First, introduce the basic definitions and common practices of classification tasks and rank tasks in NLP, and then introduce the meaning of negative examples in these two tasks.

1.1 Classification Task

The input is a text, and the output is the classification of this text. It is widely used in many tasks. Intent recognition, semantic matching and sentiment analysis all belong to this task. Before the appearance of deep learning, the main approach was manual features + XGBoost (or logistic), and the performance was mainly determined by the engineer’s understanding of the business and the quality of manual features. With deep learning, the char in text is mapped into dense vectors, then semantic understanding is done through CNN or LSTM, and finally the classification results are obtained through the fully connected layer. After the advent of BERT, the classification has become more easy, just get the CLS vector and then pass to the fully connected layer. Of course, this is the basic approach, we needs to make corresponding changes to the algorithm and training methods based on business.

1.2 Rank Task

The input is a set of samples, and the ranking of each sample is output. Search engines mainly use this kind of technology. The main technology used in rank tasks is Learn To Rank (LTR). With the development of deep learning in the image field, a variety of similar research directions has appeared, such as Metric Learning, Contrastive Learning, Representation Learning, etc. In fact, the nature of these research directions are relatively similar, that is, ** let the model learn to measure the distance between examples**. The famous Triplet Loss is Pair-Wise in LTR. There are many ways to do this kind of task, all kinds of tricks, if you are interested, you can read some related papers. I will just talk about some of my experience in LTR:

Don’t think of rank tasks as classification, these two are essentially different
No matter how fancy the sorting task is, the goal of training is to get a scoring model, and the score only needs to be used to compare the size (relative score) and does not need to be meaningful (absolute score, this depends on the specific algorithm used). So I prefer Triplet Loss, in my opinion It directly shows the essence of the rank task.
The two examples are mapped to vectors first and then the score is calculated (DSSM), the speed is fast and the performance is poor; the two samples are directly sent to the model to calculate the score, the performance is good, and the speed is slow.

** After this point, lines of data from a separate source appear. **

lemma set_integrable_log_chord_power: "set_integrable lborel {0<..<pi} (\<lambda>x. log_chord x ^ p)"
proof (rule set_integrable_bound)
  show "set_integrable lborel {0<..<pi} (\<lambda>x. fact p * 2 ^ p * exp ((1 / 2) * \<bar>log_chord x\<bar>))"
    using set_integrable_exp_abs_log_chord[of "1 / 2"] by (intro set_integrable_mult_right) auto
  show "set_borel_measurable lborel {0<..<pi} (\<lambda>x. log_chord x ^ p)"
    unfolding set_borel_measurable_def by measurable
  show "AE x in lborel. x \<in> {0<..<pi}
      \<longrightarrow> norm (log_chord x ^ p) \<le> norm (fact p * 2 ^ p * exp ((1 / 2) * \<bar>log_chord x\<bar>))"
  proof (intro AE_I2 impI)
    fix x
    have "(\<bar>log_chord x\<bar> / 2) ^ p / fact p \<le> exp (\<bar>log_chord x\<bar> / 2)"
      using sum_power_fact_le_exp[of "\<bar>log_chord x\<bar> / 2" "{p}"] by simp
    thus "norm (log_chord x ^ p) \<le> norm (fact p * 2 ^ p * exp ((1 / 2) * \<bar>log_chord x\<bar>))"
      by (simp add: power_abs power_divide field_simps)
  qed
qed

lemma set_integrable_mult_log_chord_power:
  "set_integrable lborel {0<..<pi} (\<lambda>x. x * log_chord x ^ p)"
proof (rule set_integrable_bound)
  show "set_integrable lborel {0<..<pi} (\<lambda>x. pi * log_chord x ^ p)"
    by (intro set_integrable_mult_right set_integrable_log_chord_power)
  show "set_borel_measurable lborel {0<..<pi} (\<lambda>x. x * log_chord x ^ p)"
    unfolding set_borel_measurable_def by measurable
  show "AE x in lborel. x \<in> {0<..<pi} \<longrightarrow> norm (x * log_chord x ^ p) \<le> norm (pi * log_chord x ^ p)"
    by (intro AE_I2 impI) (auto simp: abs_mult intro!: mult_right_mono)
qed

section \<open>Moments and their exponential generating function\<close>

lemma summable_integral_nonneg_bounded:
  fixes u :: "nat \<Rightarrow> 'a \<Rightarrow> real"
  assumes "\<And>p. integrable M (u p)" "\<And>p x. 0 \<le> u p x" "integrable M h"
    and "\<And>n x. (\<Sum>p<n. u p x) \<le> h x"
  shows "summable (\<lambda>p. \<integral>x. u p x \<partial>M)"
proof (rule summableI_nonneg_bounded)
  show "0 \<le> (\<integral>x. u p x \<partial>M)" for p using assms(2) by simp
  show "(\<Sum>p<n. \<integral>x. u p x \<partial>M) \<le> (\<integral>x. h x \<partial>M)" for n
  proof -
    have "(\<Sum>p<n. \<integral>x. u p x \<partial>M) = (\<integral>x. (\<Sum>p<n. u p x) \<partial>M)"
      using assms(1) by (rule Bochner_Integration.integral_sum[symmetric])
    also have "\<dots> \<le> (\<integral>x. h x \<partial>M)"
      using assms by (intro integral_mono Bochner_Integration.integrable_sum) auto
    finally show ?thesis .
  qed
qed

lemma sums_set_integral_exp_moments:
  fixes f :: "'a \<Rightarrow> real" and t :: real
  assumes [measurable]: "f \<in> borel_measurable M" "A \<in> sets M"
    and moments: "\<And>p. set_integrable M A (\<lambda>x. f x ^ p)"
    and exp_int: "set_integrable M A (\<lambda>x. exp (\<bar>t\<bar> * \<bar>f x\<bar>))"
  shows "(\<lambda>p. (LINT x:A|M. f x ^ p) / fact p * t ^ p) sums (LINT x:A|M. exp (t * f x))"
    "summable (\<lambda>p. \<bar>LINT x:A|M. f x ^ p\<bar> / fact p * \<bar>t\<bar> ^ p)"
proof -
  define F where "F = (\<lambda>p x. indicator A x *\<^sub>R (t ^ p / fact p * f x ^ p))"
  have F_int: "integrable M (F p)" for p
    using set_integrable_mult_right[OF moments[of p], of "t ^ p / fact p"]
    unfolding set_integrable_def F_def .
  have norm_F: "norm (F p x) = indicator A x * (\<bar>t * f x\<bar> ^ p / fact p)" for p x
    by (simp add: F_def abs_mult power_abs power_mult_distrib indicator_def)
  have summable_F: "AE x in M. summable (\<lambda>p. norm (F p x))"
  proof (intro AE_I2)
    fix x
    have "summable (\<lambda>p. \<bar>t * f x\<bar> ^ p /\<^sub>R fact p)" by (rule summable_exp_generic)
    thus "summable (\<lambda>p. norm (F p x))"
      unfolding norm_F by (intro summable_mult) (simp add: divide_inverse mult_ac)
  qed
  have summable_int_F: "summable (\<lambda>p. \<integral>x. norm (F p x) \<partial>M)"
  proof (rule summable_integral_nonneg_bounded)
    show "integrable M (\<lambda>x. indicator A x *\<^sub>R exp (\<bar>t\<bar> * \<bar>f x\<bar>))"
      using exp_int unfolding set_integrable_def .
    fix n x
    have "(\<Sum>p<n. norm (F p x)) = indicator A x * (\<Sum>p<n. \<bar>t * f x\<bar> ^ p / fact p)"
      by (simp only: norm_F sum_distrib_left)
    also have "\<dots> \<le> indicator A x * exp (\<bar>t * f x\<bar>)"
      by (intro mult_left_mono sum_power_fact_le_exp) auto
    finally show "(\<Sum>p<n. norm (F p x)) \<le> indicator A x *\<^sub>R exp (\<bar>t\<bar> * \<bar>f x\<bar>)"
      by (simp add: abs_mult)
  qed (simp_all add: F_int)
  have int_F: "integral\<^sup>L M (F p) = (LINT x:A|M. f x ^ p) / fact p * t ^ p" for p
    unfolding F_def set_lebesgue_integral_def[symmetric] by simp
  have sum_F: "(\<Sum>p. F p x) = indicator A x *\<^sub>R exp (t * f x)" for x
  proof -
    have "(\<lambda>p. (t * f x) ^ p /\<^sub>R fact p) sums exp (t * f x)" by (rule exp_converges)
    hence "(\<lambda>p. F p x) sums (indicator A x *\<^sub>R exp (t * f x))"
      unfolding F_def by (intro sums_scaleR_right) (simp add: power_mult_distrib field_simps)
    thus ?thesis by (simp add: sums_iff)
  qed
  show "(\<lambda>p. (LINT x:A|M. f x ^ p) / fact p * t ^ p) sums (LINT x:A|M. exp (t * f x))"
    using sums_integral[OF F_int summable_F summable_int_F]
    by (simp add: int_F sum_F set_lebesgue_integral_def)
  have "\<bar>LINT x:A|M. f x ^ p\<bar> / fact p * \<bar>t\<bar> ^ p \<le> (\<integral>x. norm (F p x) \<partial>M)" for p
    using integral_norm_bound[of M "F p"] by (simp add: int_F abs_mult power_abs)
  thus "summable (\<lambda>p. \<bar>LINT x:A|M. f x ^ p\<bar> / fact p * \<bar>t\<bar> ^ p)"
    by (intro summable_comparison_test[OF _ summable_int_F] exI[of _ 0]) auto
qed

definition log_sine_moment :: "nat \<Rightarrow> real" where
  "log_sine_moment p = (LBINT x:{0<..<pi}. log_chord x ^ p)"

lemma log_sine_moment_series:
  fixes t :: real assumes t: "\<bar>t\<bar> < 1"
  shows "(\<lambda>p. log_sine_moment p / fact p * t ^ p) sums (pi * Gamma (1 + t) / Gamma (1 + t / 2)^2)"
    "summable (\<lambda>p. \<bar>log_sine_moment p\<bar> / fact p * \<bar>t\<bar> ^ p)"
proof -
  have "log_chord \<in> borel_measurable lborel" by measurable
  note series = sums_set_integral_exp_moments[OF this _ set_integrable_log_chord_power
      set_integrable_exp_abs_log_chord[of "\<bar>t\<bar>"]]
  have "(LBINT x:{0<..<pi}. exp (t * log_chord x)) = (LBINT x:{0<..<pi}. (2 * sin (x / 2)) powr t)"
    by (rule set_lebesgue_integral_cong)
       (use chord_pos in \<open>fastforce simp: log_chord_def powr_def\<close>)+
  also have "\<dots> = pi * Gamma (1 + t) / Gamma (1 + t / 2)^2"
    using t by (intro set_integral_chord_powr) auto
  finally show "(\<lambda>p. log_sine_moment p / fact p * t ^ p) sums (pi * Gamma (1 + t) / Gamma (1 + t / 2)^2)"
    using series(1) t by (simp add: log_sine_moment_def)
  show "summable (\<lambda>p. \<bar>log_sine_moment p\<bar> / fact p * \<bar>t\<bar> ^ p)"
    using series(2) t by (simp add: log_sine_moment_def)
qed

section \<open>The Taylor series of the Gamma quotient\<close>

definition fps_of_real :: "real fps \<Rightarrow> complex fps" where
  "fps_of_real F = Abs_fps (\<lambda>n. complex_of_real (fps_nth F n))"

lemma fps_of_real_nth [simp]: "fps_nth (fps_of_real F) n = complex_of_real (fps_nth F n)"
  by (simp add: fps_of_real_def)

lemma fps_of_real_mult: "fps_of_real (F * G) = fps_of_real F * fps_of_real G"
  by (simp add: fps_eq_iff fps_mult_nth)

lemma fps_of_real_power: "fps_of_real (F ^ n) = fps_of_real F ^ n"
proof (induction n)
  case 0 show ?case by (simp add: fps_eq_iff)
next
  case Suc thus ?case by (simp add: fps_of_real_mult)
qed

lemma fps_of_real_compose: "fps_of_real (F oo G) = fps_of_real F oo fps_of_real G"
  by (simp add: fps_eq_iff fps_compose_nth fps_of_real_power[symmetric])

lemma fps_of_real_exp: "fps_of_real (fps_exp 1) = fps_exp 1"
  by (simp add: fps_eq_iff)

lemma complete_bell_cong:
  "(\<And>j. j \<ge> 1 \<Longrightarrow> s j = s' j) \<Longrightarrow> complete_bell n s = complete_bell n s'"
  unfolding complete_bell_def bell_gf_arg_def by (simp cong: if_cong)

lemma complete_bell_scale: "complete_bell n (\<lambda>j. c ^ j * s j) = c ^ n * complete_bell n s"
proof -
  have "bell_gf_arg (\<lambda>j. c ^ j * s j) = bell_gf_arg s oo (fps_const c * fps_X)"
    by (simp add: fps_compose_linear fps_eq_iff bell_gf_arg_def)
  hence "fps_exp 1 oo bell_gf_arg (\<lambda>j. c ^ j * s j)
      = (fps_exp 1 oo bell_gf_arg s) oo (fps_const c * fps_X)"
    by (simp add: fps_compose_assoc bell_gf_arg_def)
  thus ?thesis by (simp add: complete_bell_def fps_compose_linear)
qed

definition log_chord_cumulant :: "nat \<Rightarrow> real" where
  "log_chord_cumulant j = Polygamma (j - 1) 1 * (1 - 2 / 2 ^ j)"

lemma log_chord_cumulant_eq_eta_bar:
  assumes "j \<ge> 1"
  shows "log_chord_cumulant j = (-1/2) ^ j * (if j \<le> 1 then 0 else eta_bar j)"
proof (cases "j = 1")
  case False
  have "(-1/2::real) ^ j * (-1) ^ j = (1/2) ^ j" by (simp add: power_mult_distrib[symmetric])
  hence "(-1/2::real) ^ j * eta_bar j = (1/2) ^ j * (2 ^ j - 2) * Polygamma (j - 1) 1"
    by (simp add: eta_bar_def mult.assoc[symmetric])
  also have "\<dots> = log_chord_cumulant j"
    by (simp add: log_chord_cumulant_def field_simps power_one_over)
  finally show ?thesis using False assms by simp
qed (simp add: log_chord_cumulant_def)

lemma complete_bell_log_chord_cumulant:
  "complete_bell n log_chord_cumulant
     = (-1/2) ^ n * complete_bell n (\<lambda>j. if j \<le> 1 then 0 else eta_bar j)"
  by (simp add: complete_bell_scale[symmetric] log_chord_cumulant_eq_eta_bar cong: complete_bell_cong)

lemma one_plus_notin_nonpos_Reals: "norm (w :: complex) < 1 \<Longrightarrow> 1 + w \<notin> \<real>\<^sub>\<le>\<^sub>0"
  using abs_Re_le_cmod[of w] by (auto simp: complex_nonpos_Reals_iff)

lemma has_fps_expansion_ln_Gamma_1:
  "(\<lambda>w. ln_Gamma (1 + w)) has_fps_expansion
     Abs_fps (\<lambda>n. if n = 0 then 0 else complex_of_real (Polygamma (n - 1) 1) / fact n)"
proof -
  have not_pole: "(1::complex) \<notin> \<real>\<^sub>\<le>\<^sub>0" using one_plus_notin_nonpos_Reals[of 0] by simp
  hence "(\<lambda>w. ln_Gamma (1 + w)) has_fps_expansion fps_expansion ln_Gamma (1::complex)"
    by (intro analytic_at_imp_has_fps_expansion analytic_ln_Gamma) auto
  also have "fps_expansion ln_Gamma (1::complex)
      = Abs_fps (\<lambda>n. if n = 0 then 0 else complex_of_real (Polygamma (n - 1) 1) / fact n)"
    using higher_deriv_ln_Gamma_complex[OF not_pole] ln_Gamma_complex_of_real[of 1]
      ln_Gamma_real_pos[of 1] Polygamma_of_real[where 'a=complex, of 1]
    by (simp add: fps_eq_iff fps_expansion_def)
  finally show ?thesis .
qed

lemma has_fps_expansion_ln_Gamma_ratio:
  "(\<lambda>w. ln_Gamma (1 + w) - 2 * ln_Gamma (1 + w / 2)) has_fps_expansion
     fps_of_real (bell_gf_arg log_chord_cumulant)"
proof -
  define L :: "complex fps"
    where "L = Abs_fps (\<lambda>n. if n = 0 then 0 else of_real (Polygamma (n - 1) 1) / fact n)"
  have "(\<lambda>w. ln_Gamma (1 + w / 2)) has_fps_expansion (L oo (fps_const (1/2) * fps_X))"
    using has_fps_expansion_compose[OF has_fps_expansion_ln_Gamma_1
        has_fps_expansion_cmult_left[OF has_fps_expansion_fps_X, of "1/2"]]
    by (simp add: o_def L_def)
  hence "(\<lambda>w. ln_Gamma (1 + w) - 2 * ln_Gamma (1 + w / 2)) has_fps_expansion
      (L - fps_const 2 * (L oo (fps_const (1/2) * fps_X)))"
    unfolding L_def by (intro has_fps_expansion_diff has_fps_expansion_ln_Gamma_1
        has_fps_expansion_cmult_left)
  also have "L - fps_const 2 * (L oo (fps_const (1/2) * fps_X))
      = fps_of_real (bell_gf_arg log_chord_cumulant)"
  proof (rule fps_ext)
    fix n
    have "fps_nth (L oo (fps_const (1/2) * fps_X)) n = (1/2) ^ n * fps_nth L n"
      by (subst fps_compose_linear) simp
    thus "fps_nth (L - fps_const 2 * (L oo (fps_const (1/2) * fps_X))) n
        = fps_nth (fps_of_real (bell_gf_arg log_chord_cumulant)) n"
      by (simp add: L_def bell_gf_arg_def log_chord_cumulant_def power_one_over field_simps)
  qed
  finally show ?thesis .
qed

1.3 The Importance of Negative Examples

In the above two tasks, negative samples are inevitably used. For example, short text similarity matching in classification tasks, semantically unrelated text pairs are negative samples, and in sorting tasks, the samples with the lower rankings can be negative examples. Positive and negative samples have the following two categories: Easy Example : That is, the model is very easy to make correct judgments. Hard Example : That is, it is difficult for the model to make correct judgments, and these examples often brings great losses to the training. Compared with simple samples, difficult examples are more valuable, it helps the model learn to the boundary quickly, and it also speeds up the model convergence rate**. In the actual situation, the positive samples are basically determined, and it is not easy to expand and modify. However, the negative samples have a very large selection space. For example, in a search task, the document clicked by the user is interpreted as a positive sample. Then the rest of the documents on this page are all negative samples. When training the model, it is obvious that these negative samples cannot be all used, so Hard Negative Example Mining becomes very important!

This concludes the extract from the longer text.